[Data provided Boundary: Start]

lemma connected_in_iff:
  "connected_in V E X \<longleftrightarrow> X \<subseteq> V \<and> X \<noteq> {} \<and> (\<forall>x\<in>X. \<forall>y\<in>X. (x, y) \<in> (induced_adj E X)\<^sup>*)"
  unfolding connected_in_def induced_adj_def by simp

lemma connected_in_singleton_if_isolated:
  assumes "connected_in V E X" "x \<in> X" "\<forall>q\<in>X. {x, q} \<notin> E"
  shows "X = {x}"
proof -
  have "p = x" if "p \<in> X" for p
  proof -
    have "(x, p) \<in> (induced_adj E X)\<^sup>*" using assms that unfolding connected_in_iff by blast
    then show ?thesis
      by (cases rule: converse_rtranclE) (use assms(3) in \<open>auto simp: induced_adj_def\<close>)
  qed
  then show ?thesis using assms(2) by blast
qed

lemma connected_in_Diff_leaf:
  assumes conn: "connected_in V E X" and z: "z \<in> X" "z \<noteq> x"
    and leaf: "\<forall>q\<in>X. {x, q} \<in> E \<longrightarrow> q = z"
  shows "connected_in V E (X - {x})"
proof -
  let ?R = "induced_adj E (X - {x})"
  \<comment> \<open>A walk in X from p can be rerouted to avoid the leaf x, ending in z instead of x.\<close>
  have "(p, if r = x then z else r) \<in> ?R\<^sup>*"
    if "(p, r) \<in> (induced_adj E X)\<^sup>*" "p \<in> X - {x}" for p r
    using that(1)
  proof (induction rule: rtrancl_induct)
    case base
    then show ?case using that(2) by simp
  next
    case (step r r')
    then have r: "r \<in> X" "r' \<in> X" "{r, r'} \<in> E" unfolding induced_adj_def by auto
    consider "r' = x" | "r = x" "r' \<noteq> x" | "r \<noteq> x" "r' \<noteq> x" by blast
    then show ?case
    proof cases
      case 1
      then have "r = x \<or> r = z" using leaf r by (auto simp: insert_commute)
      then show ?thesis using step.IH 1 by auto
    next
      case 2
      then have "r' = z" using leaf r by auto
      then show ?thesis using step.IH 2 by auto
    next
      case 3
      then have "(r, r') \<in> ?R" using r unfolding induced_adj_def by auto
      then show ?thesis using step.IH 3 by auto
    qed
  qed
  then have "\<forall>p\<in>X - {x}. \<forall>q\<in>X - {x}. (p, q) \<in> ?R\<^sup>*"
    using conn unfolding connected_in_iff by fastforce
  then show ?thesis using conn z unfolding connected_in_iff by blast
qed

lemma connected_in_insert:
  assumes "simple_graph V E" "connected_in V E X" "c \<in> X" "{x, c} \<in> E"
  shows "connected_in V E (insert x X)"
proof -
  let ?R = "induced_adj E (insert x X)"
  have "(induced_adj E X)\<^sup>* \<subseteq> ?R\<^sup>*" by (rule rtrancl_mono) (auto simp: induced_adj_def)
  moreover have "(x, c) \<in> ?R" "(c, x) \<in> ?R"
    using assms(3,4) by (auto simp: induced_adj_def insert_commute)
  ultimately have "(p, c) \<in> ?R\<^sup>*" "(c, p) \<in> ?R\<^sup>*" if "p \<in> insert x X" for p
    using that assms(2,3) unfolding connected_in_iff by blast+
  then have "\<forall>p\<in>insert x X. \<forall>q\<in>insert x X. (p, q) \<in> ?R\<^sup>*"
    by (meson rtrancl_trans)
  then show ?thesis
    using assms(2) simple_graph_edgeD(2)[OF assms(1,4)] unfolding connected_in_iff by blast
qed
lemma card_kqr_subdiv: "card (kqr_subdiv r q) = r * (r - 1) div 2 * q"
proof -
  have "kqr_subdiv r q = (\<lambda>((i, j), t). Inr (i, j, t)) ` ({(i, j). i < j \<and> j < r} \<times> {..<q})"
    by (auto simp: kqr_subdiv_def) force
  then show ?thesis
    by (simp add: card_image inj_on_def card_cartesian_product card_less_pairs)
qed

lemma int_card_kqr_subdiv_minus_star:
  assumes "1 \<le> r" "1 \<le> q"
  shows "int (card (kqr_subdiv r q - kqr_star r)) = int q * (int r * (int r - 1) div 2) - (int r - 1)"
proof -
  have sub: "kqr_star r \<subseteq> kqr_subdiv r q" using assms by (auto simp: kqr_star_def)
  have "card (kqr_star r) = r - 1" by (simp add: kqr_star_def card_image inj_on_def)
  moreover have "finite (kqr_subdiv r q)" using finite_kqr_V[of r q] by (simp add: kqr_V_eq)
  ultimately have "int (card (kqr_subdiv r q - kqr_star r)) = int (card (kqr_subdiv r q)) - int (r - 1)"
    using sub card_mono[of "kqr_subdiv r q" "kqr_star r"]
    by (simp add: card_Diff_subset finite_subset of_nat_diff)
  also have "\<dots> = int q * (int r * (int r - 1) div 2) - (int r - 1)"
    using assms by (simp add: card_kqr_subdiv of_nat_div of_nat_diff)
  finally show ?thesis .
qed

lemma kqr_bound_gt:
  fixes r q :: int
  assumes "3 \<le> r" "4 \<le> q"
  shows "r < q * (r * (r - 1) div 2) - (r - 1) + 1"
proof -
  have "r * 2 \<le> r * (r - 1)" using assms(1) by (intro mult_left_mono) auto
  then have "r \<le> r * (r - 1) div 2" using zdiv_mono1[of "r * 2" "r * (r - 1)" 2] by simp
  then have "4 * r \<le> q * (r * (r - 1) div 2)" using assms by (intro mult_mono) auto
  then show ?thesis using assms by linarith
qed

theorem proposition3p10:
  fixes r q :: nat
  assumes "r \<ge> 3" and "q \<ge> 4"
  shows "power_domination_number (kqr_V r q) (kqr_E r q) = r - 1
       \<and> int (upper_power_domination_number (kqr_V r q) (kqr_E r q))
           \<ge> int q * (int r * (int r - 1) div 2) - (int r - 1)
       \<and> lower_pd0 (kqr_V r q) (kqr_E r q) = r
       \<and> int (pd0 (kqr_V r q) (kqr_E r q))
           \<ge> int q * (int r * (int r - 1) div 2) - (int r - 1) + 1
       \<and> int q * (int r * (int r - 1) div 2) - (int r - 1) + 1 > int r"
proof -
  let ?V = "kqr_V r q" and ?E = "kqr_E r q" and ?S = "kqr_subdiv r q - kqr_star r"
  have r: "2 \<le> r" and q: "4 \<le> q" using assms by auto
  have minimal: "minimal_pds ?V ?E ?S"
    using r q by (intro minimal_pds_kqr_subdiv_minus_star) auto
  have card_S: "int (card ?S) = int q * (int r * (int r - 1) div 2) - (int r - 1)"
    using r q by (intro int_card_kqr_subdiv_minus_star) auto
  have "card ?S \<le> upper_power_domination_number ?V ?E"
    by (rule card_le_upper_power_domination_number[OF finite_kqr_V minimal])
  moreover have "card ?S < pd0 ?V ?E" using r q by (rule card_kqr_subdiv_minus_star_less_pd0)
  ultimately show ?thesis
    using power_domination_number_kqr[OF r q] lower_pd0_kqr[OF r q] card_S
      kqr_bound_gt[of "int r" "int q"] assms
    by (intro conjI) linarith+
qed

end
(* Let $(G,S,k)$ be an instance of \textsc{Edge Subset Feedback Vertex Set}, let $T=V(S)$, let $X$ be a dominant solution for $(G,S,k)$, and let $X_0=X\setminus T$. Then every nonempty set $Y\subseteq X_0$ sees at least $|Y|+2$ interesting components of $G-X-S$.
   Context: Graphs are finite and undirected and may contain loops and parallel edges (so cycles of length one and two are allowed). An instance of \textsc{Edge Subset Feedback Vertex Set} is $(G,S,k)$ with $G=(V,E)$, $S\subseteq E$, $k\in\mathbb{N}$. An $S$-cycle is a cycle containing at least one edge of $S$. A solution is a set $X\subseteq V$ with $|X|\le k$ such that $G-X$ contains no $S$-cycle. $V(S)$ is the set of vertices incident with an edge of $S$; $G-X-S$ is the graph obtained from $G$ by deleting the vertices of $X$ and the edges of $S$. A solution $X$ is dominant if it has minimum size among all solutions and, among minimum-size solutions, contains the maximum possible number of vertices of $T$. A connected component $K$ of $G-X-S$ is interesting if it contains a vertex of $T$. A vertex $x\in X_0$ sees a component $K$ if $x$ is adjacent in $G$ to some vertex of $K$; a set $Y\subseteq X_0$ sees $K$ if some $y\in Y$ sees $K$. *)

theory Defs
  imports Main
begin

text \<open>A finite multigraph (loops and parallel edges allowed): vertex set V, edge set E,
  and an endpoint map ends assigning to each edge an (unordered) pair of endpoints,
  represented as a pair whose order is irrelevant.\<close>

definition multigraph :: "'v set \<Rightarrow> 'e set \<Rightarrow> ('e \<Rightarrow> 'v \<times> 'v) \<Rightarrow> bool" where
  "multigraph V E ends \<longleftrightarrow> finite V \<and> finite E \<and>
     (\<forall>e\<in>E. fst (ends e) \<in> V \<and> snd (ends e) \<in> V)"

definition joins :: "('e \<Rightarrow> 'v \<times> 'v) \<Rightarrow> 'e \<Rightarrow> 'v \<Rightarrow> 'v \<Rightarrow> bool" where
  "joins ends e u w \<longleftrightarrow> ends e = (u, w) \<or> ends e = (w, u)"

text \<open>A cycle with vertex sequence vs and edge sequence es (length n \<ge> 1):
  distinct vertices, distinct edges, edge i joins vertex i and vertex i+1 (mod n).
  n = 1 is a loop, n = 2 a pair of parallel edges.\<close>

definition is_cycle :: "'v set \<Rightarrow> 'e set \<Rightarrow> ('e \<Rightarrow> 'v \<times> 'v) \<Rightarrow> 'v list \<Rightarrow> 'e list \<Rightarrow> bool" where
  "is_cycle V E ends vs es \<longleftrightarrow>
     length vs \<ge> 1 \<and> length es = length vs \<and> distinct vs \<and> distinct es \<and>
     set vs \<subseteq> V \<and> set es \<subseteq> E \<and>
     (\<forall>i < length vs. joins ends (es ! i) (vs ! i) (vs ! ((i + 1) mod length vs)))"

definition edges_del :: "'e set \<Rightarrow> ('e \<Rightarrow> 'v \<times> 'v) \<Rightarrow> 'v set \<Rightarrow> 'e set" where
  "edges_del E ends X = {e \<in> E. fst (ends e) \<notin> X \<and> snd (ends e) \<notin> X}"

definition has_S_cycle :: "'v set \<Rightarrow> 'e set \<Rightarrow> ('e \<Rightarrow> 'v \<times> 'v) \<Rightarrow> 'e set \<Rightarrow> bool" where
  "has_S_cycle V E ends S \<longleftrightarrow> (\<exists>vs es. is_cycle V E ends vs es \<and> set es \<inter> S \<noteq> {})"

definition is_solution ::
  "'v set \<Rightarrow> 'e set \<Rightarrow> ('e \<Rightarrow> 'v \<times> 'v) \<Rightarrow> 'e set \<Rightarrow> nat \<Rightarrow> 'v set \<Rightarrow> bool" where
  "is_solution V E ends S k X \<longleftrightarrow> X \<subseteq> V \<and> card X \<le> k \<and>
     \<not> has_S_cycle (V - X) (edges_del E ends X) ends S"

definition VS :: "('e \<Rightarrow> 'v \<times> 'v) \<Rightarrow> 'e set \<Rightarrow> 'v set" where
  "VS ends S = {v. \<exists>e\<in>S. v = fst (ends e) \<or> v = snd (ends e)}"

definition dominant ::
  "'v set \<Rightarrow> 'e set \<Rightarrow> ('e \<Rightarrow> 'v \<times> 'v) \<Rightarrow> 'e set \<Rightarrow> nat \<Rightarrow> 'v set \<Rightarrow> bool" where
  "dominant V E ends S k X \<longleftrightarrow> is_solution V E ends S k X \<and>
     (\<forall>X'. is_solution V E ends S k X' \<longrightarrow> card X \<le> card X') \<and>
     (\<forall>X'. is_solution V E ends S k X' \<and> card X' = card X \<longrightarrow>
            card (X' \<inter> VS ends S) \<le> card (X \<inter> VS ends S))"

definition adj_GXS :: "'v set \<Rightarrow> 'e set \<Rightarrow> ('e \<Rightarrow> 'v \<times> 'v) \<Rightarrow> 'e set \<Rightarrow> 'v set \<Rightarrow> 'v \<Rightarrow> 'v \<Rightarrow> bool" where
  "adj_GXS V E ends S X u w \<longleftrightarrow> u \<in> V - X \<and> w \<in> V - X \<and>
     (\<exists>e \<in> edges_del E ends X - S. joins ends e u w)"
(* Let $r>\frac12$ and let $y(s,r)=s+\mathop{K}_{n=1}^{\infty}\left(\dfrac{(2n-1)^2r^2-(r-1)^2}{2s}\right)$ for $s>0$; this is a positive continuous function with $y(s,r)>s$ and $y(s,r)\,y(s+2r,r)=(s+1)(s+2r-1)$ for $s>0$. Then the functional equation $$f(s,r)+f(s+2r,r)=\frac{1}{s+1}+\frac{1}{s+2r-1}=\frac{2(s+r)}{(s+1)(s+2r-1)}\qquad(s>0)$$ has a unique solution satisfying $\lim_{s\to\infty}f(s,r)=0$, and this solution is $f(s,r)=\frac{\partial}{\partial s}(\ln y)(s,r)$.
   Context: $\mathop{K}_{n=1}^{\infty}\left(\frac{a_n}{b}\right)$ denotes the continued fraction $\cfrac{a_1}{b+\cfrac{a_2}{b+\cdots}}$ (limit of convergents). *)

theory Defs
  imports "HOL-Analysis.Analysis"
begin

fun cf_tail :: "(nat \<Rightarrow> real) \<Rightarrow> real \<Rightarrow> nat \<Rightarrow> nat \<Rightarrow> real" where
  "cf_tail a b 0 k = 0"
| "cf_tail a b (Suc m) k = a k / (b + cf_tail a b m (Suc k))"

definition cf_convergent :: "(nat \<Rightarrow> real) \<Rightarrow> real \<Rightarrow> nat \<Rightarrow> real" where
  "cf_convergent a b N = cf_tail a b N 1"

definition cfrac :: "(nat \<Rightarrow> real) \<Rightarrow> real \<Rightarrow> real" where
  "cfrac a b = lim (cf_convergent a b)"

definition cf_num :: "real \<Rightarrow> nat \<Rightarrow> real" where
  "cf_num r n = (2 * real n - 1)^2 * r^2 - (r - 1)^2"

definition y_cf :: "real \<Rightarrow> real \<Rightarrow> real" where
  "y_cf s r = s + cfrac (cf_num r) (2 * s)"

end

theory Submission
  imports Defs "HOL-Real_Asymp.Real_Asymp"
begin

text \<open>The partial numerators of \<open>y\<close> are positive and grow quadratically, so the convergents
  are the partial sums of an alternating series with terms decreasing to zero: the continued
  fraction converges to a positive value and \<open>y(s, r) > s\<close>. A Bauer--Muir transformation with
  modifiers \<open>w\<^sub>n = 2rn - s\<close> turns the fraction at \<open>s\<close> into the one at \<open>s + 2r\<close>, which gives
  \<open>y(s, r) y(s + 2r, r) = (s + 1)(s + 2r - 1)\<close>. The function
  \<open>4r \<Gamma>(\<alpha> + 1/2) \<Gamma>(\<beta> + 1/2) / (\<Gamma>(\<alpha>) \<Gamma>(\<beta>))\<close>, \<open>\<alpha> = (s + 1)/4r\<close>, \<open>\<beta> = (s + 2r - 1)/4r\<close>, satisfies
  the same relation, so the difference of the logarithms changes sign under \<open>s \<mapsto> s + 2r\<close>;
  log-convexity of \<open>\<Gamma>\<close> and \<open>y(s, r) > s\<close> squeeze it to \<open>0\<close> at infinity, so it vanishes. Hence
  \<open>\<partial>\<^sub>s ln y\<close> is a nonnegative combination of digamma differences that solves the functional
  equation and tends to \<open>0\<close>; any other solution tending to \<open>0\<close> differs from it by a function
  that changes sign under \<open>s \<mapsto> s + 2r\<close> and tends to \<open>0\<close>, hence by zero.\<close>

section \<open>Convergents of continued fractions with positive terms\<close>

text \<open>Wallis recurrences, shifted by one index against the classical \<open>A\<^sub>-\<^sub>1 = 1, B\<^sub>-\<^sub>1 = 0\<close>:
  the \<open>n\<close>-th convergent is \<open>cf_A a b (Suc n) / cf_B a b (Suc n)\<close>.\<close>

fun cf_A :: "(nat \<Rightarrow> real) \<Rightarrow> real \<Rightarrow> nat \<Rightarrow> real" where
  "cf_A a b 0 = 1"
| "cf_A a b (Suc 0) = 0"
| "cf_A a b (Suc (Suc n)) = b * cf_A a b (Suc n) + a (Suc n) * cf_A a b n"

fun cf_B :: "(nat \<Rightarrow> real) \<Rightarrow> real \<Rightarrow> nat \<Rightarrow> real" where
  "cf_B a b 0 = 0"
| "cf_B a b (Suc 0) = 1"
| "cf_B a b (Suc (Suc n)) = b * cf_B a b (Suc n) + a (Suc n) * cf_B a b n"

fun cf_tail_mod :: "(nat \<Rightarrow> real) \<Rightarrow> real \<Rightarrow> real \<Rightarrow> nat \<Rightarrow> nat \<Rightarrow> real" where
  "cf_tail_mod a b w 0 k = w"
| "cf_tail_mod a b w (Suc m) k = a k / (b + cf_tail_mod a b w m (Suc k))"

lemma cf_tail_eq_cf_tail_mod_0: "cf_tail a b m k = cf_tail_mod a b 0 m k"
  by (induction m arbitrary: k) auto

lemma cf_tail_mod_Suc_inner:
  "cf_tail_mod a b w (Suc m) k = cf_tail_mod a b (a (k + m) / (b + w)) m k"
  by (induction m arbitrary: k) auto

definition num_prod :: "(nat \<Rightarrow> real) \<Rightarrow> nat \<Rightarrow> real" where
  "num_prod a n = (\<Prod>k<n. a (Suc k))"

lemma num_prod_Suc: "num_prod a (Suc n) = num_prod a n * a (Suc n)"
  by (simp add: num_prod_def)

lemma cf_det:
  "cf_A a b n * cf_B a b (Suc n) - cf_A a b (Suc n) * cf_B a b n = (-1)^n * num_prod a n"
proof (induction n)
  case 0
  then show ?case by (simp add: num_prod_def)
next
  case (Suc n)
  have "cf_A a b (Suc n) * cf_B a b (Suc (Suc n)) - cf_A a b (Suc (Suc n)) * cf_B a b (Suc n)
      = - a (Suc n) * (cf_A a b n * cf_B a b (Suc n) - cf_A a b (Suc n) * cf_B a b n)"
    by (simp add: algebra_simps)
  with Suc show ?case by (simp add: num_prod_def)
qed

definition cf_Q :: "(nat \<Rightarrow> real) \<Rightarrow> real \<Rightarrow> nat \<Rightarrow> real" where
  "cf_Q a b n = cf_B a b (Suc n) * cf_B a b n / num_prod a n"

lemma mediant_dist_le:
  fixes A1 A2 B1 B2 w L :: real
  assumes B1: "B1 > 0" and B2: "B2 > 0" and w: "w \<ge> 0"
  shows "\<bar>(A1 + w*A2)/(B1 + w*B2) - L\<bar> \<le> \<bar>A1/B1 - L\<bar> + \<bar>A2/B2 - L\<bar>"
proof -
  define x where "x = A1/B1 - L"
  define y where "y = A2/B2 - L"
  define D where "D = B1 + w*B2"
  have wB2: "w*B2 \<ge> 0" using w B2 by simp
  have D: "D > 0" using B1 wB2 by (simp add: D_def)
  have A1: "A1 = B1*(x+L)" and A2: "A2 = B2*(y+L)" using B1 B2 by (simp_all add: x_def y_def)
  have "(A1 + w*A2)/(B1 + w*B2) - L = (B1*x + (w*B2)*y) / D"
    using D unfolding D_def A1 A2 by (simp add: field_simps)
  moreover have "\<bar>B1*x + (w*B2)*y\<bar> \<le> D*\<bar>x\<bar> + D*\<bar>y\<bar>"
  proof -
    have "\<bar>B1*x + (w*B2)*y\<bar> \<le> B1*\<bar>x\<bar> + (w*B2)*\<bar>y\<bar>"
      using B1 wB2 by (metis abs_mult abs_of_nonneg abs_triangle_ineq less_imp_le)
    also have "\<dots> \<le> D*\<bar>x\<bar> + D*\<bar>y\<bar>"
      using B1 wB2 by (intro add_mono mult_right_mono) (auto simp: D_def)
    finally show ?thesis .
  qed
  then have "\<bar>B1*x + (w*B2)*y\<bar> / D \<le> \<bar>x\<bar> + \<bar>y\<bar>"
    using D by (simp add: divide_simps algebra_simps)
  ultimately show ?thesis using D by (simp add: x_def y_def)
qed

[Data provided Boundary: End]

# Task statement:
All lines holding the word "unfolding" must be found in the listing and copied.

# Result for this exercise:
  unfolding connected_in_def induced_adj_def by simp
    have "(x, p) \<in> (induced_adj E X)\<^sup>*" using assms that unfolding connected_in_iff by blast
    then have r: "r \<in> X" "r' \<in> X" "{r, r'} \<in> E" unfolding induced_adj_def by auto
      then have "(r, r') \<in> ?R" using r unfolding induced_adj_def by auto
    using conn unfolding connected_in_iff by fastforce
  then show ?thesis using conn z unfolding connected_in_iff by blast
    using that assms(2,3) unfolding connected_in_iff by blast+
    using assms(2) simple_graph_edgeD(2)[OF assms(1,4)] unfolding connected_in_iff by blast
    using D unfolding D_def A1 A2 by (simp add: field_simps)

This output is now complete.